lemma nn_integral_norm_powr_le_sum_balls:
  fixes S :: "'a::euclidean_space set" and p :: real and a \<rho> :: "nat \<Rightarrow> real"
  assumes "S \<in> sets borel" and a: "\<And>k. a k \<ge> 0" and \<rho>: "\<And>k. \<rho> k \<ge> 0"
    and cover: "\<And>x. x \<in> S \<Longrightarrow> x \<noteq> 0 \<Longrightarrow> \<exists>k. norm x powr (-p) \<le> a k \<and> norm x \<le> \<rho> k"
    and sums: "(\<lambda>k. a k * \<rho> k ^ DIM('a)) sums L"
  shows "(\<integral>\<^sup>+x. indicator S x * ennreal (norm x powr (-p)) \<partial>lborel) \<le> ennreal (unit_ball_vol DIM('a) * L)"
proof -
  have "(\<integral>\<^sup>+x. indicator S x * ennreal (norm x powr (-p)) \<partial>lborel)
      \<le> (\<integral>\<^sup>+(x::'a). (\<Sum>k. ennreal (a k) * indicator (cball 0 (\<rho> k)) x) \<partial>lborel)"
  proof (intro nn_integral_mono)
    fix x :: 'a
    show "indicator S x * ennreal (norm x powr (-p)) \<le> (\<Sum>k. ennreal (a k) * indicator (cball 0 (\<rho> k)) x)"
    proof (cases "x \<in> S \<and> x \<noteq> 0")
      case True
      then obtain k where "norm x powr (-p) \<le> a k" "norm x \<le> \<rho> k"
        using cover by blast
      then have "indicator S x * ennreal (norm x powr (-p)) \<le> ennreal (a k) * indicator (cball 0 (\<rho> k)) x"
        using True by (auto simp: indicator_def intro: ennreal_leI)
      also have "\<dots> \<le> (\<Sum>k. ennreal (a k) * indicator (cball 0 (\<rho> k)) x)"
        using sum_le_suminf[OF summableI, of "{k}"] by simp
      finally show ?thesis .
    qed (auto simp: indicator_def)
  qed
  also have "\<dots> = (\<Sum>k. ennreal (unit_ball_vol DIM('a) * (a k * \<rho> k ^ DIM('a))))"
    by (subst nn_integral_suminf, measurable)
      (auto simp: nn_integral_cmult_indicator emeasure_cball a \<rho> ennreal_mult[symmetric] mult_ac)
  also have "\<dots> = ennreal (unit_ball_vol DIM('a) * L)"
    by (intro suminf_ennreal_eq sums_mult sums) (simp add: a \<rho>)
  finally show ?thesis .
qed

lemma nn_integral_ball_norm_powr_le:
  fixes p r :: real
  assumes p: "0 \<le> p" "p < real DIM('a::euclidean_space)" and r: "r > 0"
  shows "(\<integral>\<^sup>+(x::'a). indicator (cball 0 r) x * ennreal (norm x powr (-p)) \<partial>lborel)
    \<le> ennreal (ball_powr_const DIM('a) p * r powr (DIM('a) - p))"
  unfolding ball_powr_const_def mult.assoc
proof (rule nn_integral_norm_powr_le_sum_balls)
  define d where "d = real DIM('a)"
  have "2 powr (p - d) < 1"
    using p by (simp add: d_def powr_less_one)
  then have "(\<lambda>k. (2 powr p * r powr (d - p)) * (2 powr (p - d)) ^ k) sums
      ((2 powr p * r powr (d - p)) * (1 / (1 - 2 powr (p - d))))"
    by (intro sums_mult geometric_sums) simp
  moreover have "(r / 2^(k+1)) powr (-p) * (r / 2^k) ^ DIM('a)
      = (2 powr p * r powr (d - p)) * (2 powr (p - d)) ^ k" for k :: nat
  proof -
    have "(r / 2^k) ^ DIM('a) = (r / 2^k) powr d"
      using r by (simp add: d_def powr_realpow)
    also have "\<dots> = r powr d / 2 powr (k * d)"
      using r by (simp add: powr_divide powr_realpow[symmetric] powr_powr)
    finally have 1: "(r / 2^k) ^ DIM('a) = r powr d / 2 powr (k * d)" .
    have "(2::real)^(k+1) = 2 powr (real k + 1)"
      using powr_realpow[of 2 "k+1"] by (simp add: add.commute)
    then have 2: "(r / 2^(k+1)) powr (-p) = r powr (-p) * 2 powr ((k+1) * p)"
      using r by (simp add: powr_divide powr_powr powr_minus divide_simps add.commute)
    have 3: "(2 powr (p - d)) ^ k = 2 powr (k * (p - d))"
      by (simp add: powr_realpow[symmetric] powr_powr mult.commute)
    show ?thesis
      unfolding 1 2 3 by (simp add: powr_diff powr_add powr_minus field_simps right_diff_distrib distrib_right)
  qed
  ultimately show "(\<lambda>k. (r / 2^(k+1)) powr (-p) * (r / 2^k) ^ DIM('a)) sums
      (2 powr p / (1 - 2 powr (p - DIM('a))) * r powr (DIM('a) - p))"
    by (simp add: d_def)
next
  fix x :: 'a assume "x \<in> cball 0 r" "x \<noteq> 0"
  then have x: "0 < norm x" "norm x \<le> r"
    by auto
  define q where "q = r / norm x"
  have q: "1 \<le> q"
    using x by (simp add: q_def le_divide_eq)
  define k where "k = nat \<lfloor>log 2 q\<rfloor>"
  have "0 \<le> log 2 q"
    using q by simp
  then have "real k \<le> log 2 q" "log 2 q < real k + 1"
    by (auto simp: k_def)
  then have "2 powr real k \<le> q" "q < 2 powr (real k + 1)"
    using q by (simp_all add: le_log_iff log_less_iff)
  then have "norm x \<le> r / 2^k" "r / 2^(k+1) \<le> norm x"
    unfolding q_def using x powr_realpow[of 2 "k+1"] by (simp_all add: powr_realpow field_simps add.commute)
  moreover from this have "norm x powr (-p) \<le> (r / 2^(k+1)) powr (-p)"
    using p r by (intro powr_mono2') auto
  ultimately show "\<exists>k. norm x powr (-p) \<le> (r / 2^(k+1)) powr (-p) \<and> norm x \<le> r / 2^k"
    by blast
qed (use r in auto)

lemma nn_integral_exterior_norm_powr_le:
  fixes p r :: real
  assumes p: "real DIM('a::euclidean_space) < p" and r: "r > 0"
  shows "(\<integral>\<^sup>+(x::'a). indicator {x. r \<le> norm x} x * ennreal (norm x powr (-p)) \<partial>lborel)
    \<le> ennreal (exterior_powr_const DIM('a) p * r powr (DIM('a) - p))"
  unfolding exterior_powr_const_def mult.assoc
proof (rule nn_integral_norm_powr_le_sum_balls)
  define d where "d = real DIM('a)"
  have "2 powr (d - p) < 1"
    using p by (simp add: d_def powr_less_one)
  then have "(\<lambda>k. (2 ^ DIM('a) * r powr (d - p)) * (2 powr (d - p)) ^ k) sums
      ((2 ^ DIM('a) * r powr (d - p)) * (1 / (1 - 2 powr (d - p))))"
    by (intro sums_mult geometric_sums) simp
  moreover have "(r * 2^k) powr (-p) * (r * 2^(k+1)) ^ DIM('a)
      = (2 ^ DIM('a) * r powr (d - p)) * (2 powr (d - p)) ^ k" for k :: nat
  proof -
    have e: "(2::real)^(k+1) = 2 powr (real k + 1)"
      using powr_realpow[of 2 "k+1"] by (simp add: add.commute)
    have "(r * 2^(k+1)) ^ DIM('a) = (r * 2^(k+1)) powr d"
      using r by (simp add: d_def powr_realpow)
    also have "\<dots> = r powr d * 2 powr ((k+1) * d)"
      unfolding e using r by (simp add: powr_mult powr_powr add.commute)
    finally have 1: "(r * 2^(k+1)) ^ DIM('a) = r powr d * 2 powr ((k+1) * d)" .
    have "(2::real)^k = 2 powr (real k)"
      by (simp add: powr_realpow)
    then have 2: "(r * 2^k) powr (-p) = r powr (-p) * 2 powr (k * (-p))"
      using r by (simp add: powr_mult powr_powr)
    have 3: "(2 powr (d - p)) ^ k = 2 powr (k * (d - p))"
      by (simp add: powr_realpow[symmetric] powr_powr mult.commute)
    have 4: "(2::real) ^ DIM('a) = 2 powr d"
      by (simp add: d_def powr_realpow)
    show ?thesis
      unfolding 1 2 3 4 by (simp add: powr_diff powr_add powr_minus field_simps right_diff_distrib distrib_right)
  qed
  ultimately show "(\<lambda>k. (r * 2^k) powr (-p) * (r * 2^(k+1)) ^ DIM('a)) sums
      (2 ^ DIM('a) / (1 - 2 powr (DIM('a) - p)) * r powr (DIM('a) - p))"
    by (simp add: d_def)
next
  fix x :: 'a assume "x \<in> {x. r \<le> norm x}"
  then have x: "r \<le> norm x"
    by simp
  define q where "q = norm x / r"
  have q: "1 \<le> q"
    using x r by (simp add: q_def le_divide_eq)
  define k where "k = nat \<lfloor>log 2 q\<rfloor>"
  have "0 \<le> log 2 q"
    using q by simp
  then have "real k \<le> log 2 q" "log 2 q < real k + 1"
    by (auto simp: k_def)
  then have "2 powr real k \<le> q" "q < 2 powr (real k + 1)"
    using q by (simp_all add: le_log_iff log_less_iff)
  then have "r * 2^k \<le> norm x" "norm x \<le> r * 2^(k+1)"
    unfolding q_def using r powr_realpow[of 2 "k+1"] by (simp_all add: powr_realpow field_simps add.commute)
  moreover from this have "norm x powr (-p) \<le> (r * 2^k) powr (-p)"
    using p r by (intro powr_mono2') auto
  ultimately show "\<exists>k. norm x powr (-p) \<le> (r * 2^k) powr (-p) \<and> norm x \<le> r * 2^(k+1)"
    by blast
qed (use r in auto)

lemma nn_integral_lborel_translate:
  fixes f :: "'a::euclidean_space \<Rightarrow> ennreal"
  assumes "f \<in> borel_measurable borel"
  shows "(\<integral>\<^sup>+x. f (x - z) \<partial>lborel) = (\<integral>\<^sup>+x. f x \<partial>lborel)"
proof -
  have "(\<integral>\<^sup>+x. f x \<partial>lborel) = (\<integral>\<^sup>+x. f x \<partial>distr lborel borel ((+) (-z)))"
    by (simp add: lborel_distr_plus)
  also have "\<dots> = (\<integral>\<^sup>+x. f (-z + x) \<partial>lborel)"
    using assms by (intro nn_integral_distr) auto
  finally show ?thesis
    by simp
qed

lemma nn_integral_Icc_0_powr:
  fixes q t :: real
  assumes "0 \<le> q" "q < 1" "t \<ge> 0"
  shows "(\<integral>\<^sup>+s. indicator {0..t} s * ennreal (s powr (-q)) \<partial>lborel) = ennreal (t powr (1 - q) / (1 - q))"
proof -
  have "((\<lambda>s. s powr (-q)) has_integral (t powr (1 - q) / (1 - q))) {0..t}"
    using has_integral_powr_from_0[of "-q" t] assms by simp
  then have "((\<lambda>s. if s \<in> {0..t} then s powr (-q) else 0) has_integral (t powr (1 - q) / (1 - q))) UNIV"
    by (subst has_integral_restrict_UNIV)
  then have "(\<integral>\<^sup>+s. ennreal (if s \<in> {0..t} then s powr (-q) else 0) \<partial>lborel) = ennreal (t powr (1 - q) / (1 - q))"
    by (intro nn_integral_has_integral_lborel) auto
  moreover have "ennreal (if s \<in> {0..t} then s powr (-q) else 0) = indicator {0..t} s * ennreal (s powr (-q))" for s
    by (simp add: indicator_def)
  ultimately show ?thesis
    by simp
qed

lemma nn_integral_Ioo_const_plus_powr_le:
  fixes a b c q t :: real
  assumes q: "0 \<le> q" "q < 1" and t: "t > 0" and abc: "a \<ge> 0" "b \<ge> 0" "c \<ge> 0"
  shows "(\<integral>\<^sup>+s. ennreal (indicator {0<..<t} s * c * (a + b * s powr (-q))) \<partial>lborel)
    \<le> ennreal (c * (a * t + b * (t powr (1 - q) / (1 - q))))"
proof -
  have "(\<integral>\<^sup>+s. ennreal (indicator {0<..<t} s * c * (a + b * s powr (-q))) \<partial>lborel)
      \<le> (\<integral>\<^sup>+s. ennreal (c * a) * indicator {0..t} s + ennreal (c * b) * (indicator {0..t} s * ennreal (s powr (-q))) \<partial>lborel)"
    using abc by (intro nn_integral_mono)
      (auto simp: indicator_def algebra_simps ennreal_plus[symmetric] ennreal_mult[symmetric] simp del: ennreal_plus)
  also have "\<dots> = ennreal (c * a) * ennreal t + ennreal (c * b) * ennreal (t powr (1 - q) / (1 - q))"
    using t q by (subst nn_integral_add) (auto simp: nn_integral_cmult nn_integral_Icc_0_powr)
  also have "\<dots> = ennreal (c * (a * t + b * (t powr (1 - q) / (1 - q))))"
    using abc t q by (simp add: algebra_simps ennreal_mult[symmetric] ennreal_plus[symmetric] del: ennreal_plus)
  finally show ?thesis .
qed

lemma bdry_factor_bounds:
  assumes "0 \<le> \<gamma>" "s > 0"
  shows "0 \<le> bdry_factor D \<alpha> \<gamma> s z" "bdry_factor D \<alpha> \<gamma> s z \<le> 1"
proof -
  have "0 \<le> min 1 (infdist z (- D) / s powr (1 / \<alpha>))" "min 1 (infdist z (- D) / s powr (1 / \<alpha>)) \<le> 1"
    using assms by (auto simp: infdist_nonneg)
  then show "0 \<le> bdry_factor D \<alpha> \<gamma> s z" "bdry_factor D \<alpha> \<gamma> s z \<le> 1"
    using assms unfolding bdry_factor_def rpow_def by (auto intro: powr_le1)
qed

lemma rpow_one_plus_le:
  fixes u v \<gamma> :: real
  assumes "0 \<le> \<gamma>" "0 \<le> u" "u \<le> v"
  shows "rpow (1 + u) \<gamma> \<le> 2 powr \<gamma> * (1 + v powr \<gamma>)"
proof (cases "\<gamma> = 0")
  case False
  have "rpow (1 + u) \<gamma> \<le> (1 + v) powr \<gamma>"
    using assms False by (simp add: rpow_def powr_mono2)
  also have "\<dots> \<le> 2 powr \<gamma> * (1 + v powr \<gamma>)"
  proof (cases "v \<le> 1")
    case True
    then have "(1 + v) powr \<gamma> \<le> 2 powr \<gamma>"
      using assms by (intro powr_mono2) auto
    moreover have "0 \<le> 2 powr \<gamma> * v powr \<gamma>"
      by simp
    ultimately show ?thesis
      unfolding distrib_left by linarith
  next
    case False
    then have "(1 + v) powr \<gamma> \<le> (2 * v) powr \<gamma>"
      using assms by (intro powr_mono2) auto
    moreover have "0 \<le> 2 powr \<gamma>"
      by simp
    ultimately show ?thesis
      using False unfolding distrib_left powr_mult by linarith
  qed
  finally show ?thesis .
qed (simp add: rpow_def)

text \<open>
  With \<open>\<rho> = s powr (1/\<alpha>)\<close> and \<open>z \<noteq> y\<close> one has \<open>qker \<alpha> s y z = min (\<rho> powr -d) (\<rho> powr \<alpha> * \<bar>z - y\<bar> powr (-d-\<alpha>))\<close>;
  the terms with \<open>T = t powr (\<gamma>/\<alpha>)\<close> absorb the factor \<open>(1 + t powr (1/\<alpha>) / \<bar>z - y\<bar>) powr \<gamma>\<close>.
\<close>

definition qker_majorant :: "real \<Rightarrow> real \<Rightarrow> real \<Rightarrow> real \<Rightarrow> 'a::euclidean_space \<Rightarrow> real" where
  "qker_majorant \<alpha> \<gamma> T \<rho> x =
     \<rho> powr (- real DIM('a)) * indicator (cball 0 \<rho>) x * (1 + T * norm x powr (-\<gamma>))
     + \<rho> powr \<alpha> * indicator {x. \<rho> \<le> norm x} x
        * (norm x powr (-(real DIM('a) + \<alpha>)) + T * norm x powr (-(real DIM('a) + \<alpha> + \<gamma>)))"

○ ○ ○ ○ ○ ○ ○

▸ Task description
Output exactly the lines from the one containing "x powr (-\<gamma>))" through the last line of the entries, both ends included.

▸ Task response
     \<rho> powr (- real DIM('a)) * indicator (cball 0 \<rho>) x * (1 + T * norm x powr (-\<gamma>))
     + \<rho> powr \<alpha> * indicator {x. \<rho> \<le> norm x} x
        * (norm x powr (-(real DIM('a) + \<alpha>)) + T * norm x powr (-(real DIM('a) + \<alpha> + \<gamma>)))"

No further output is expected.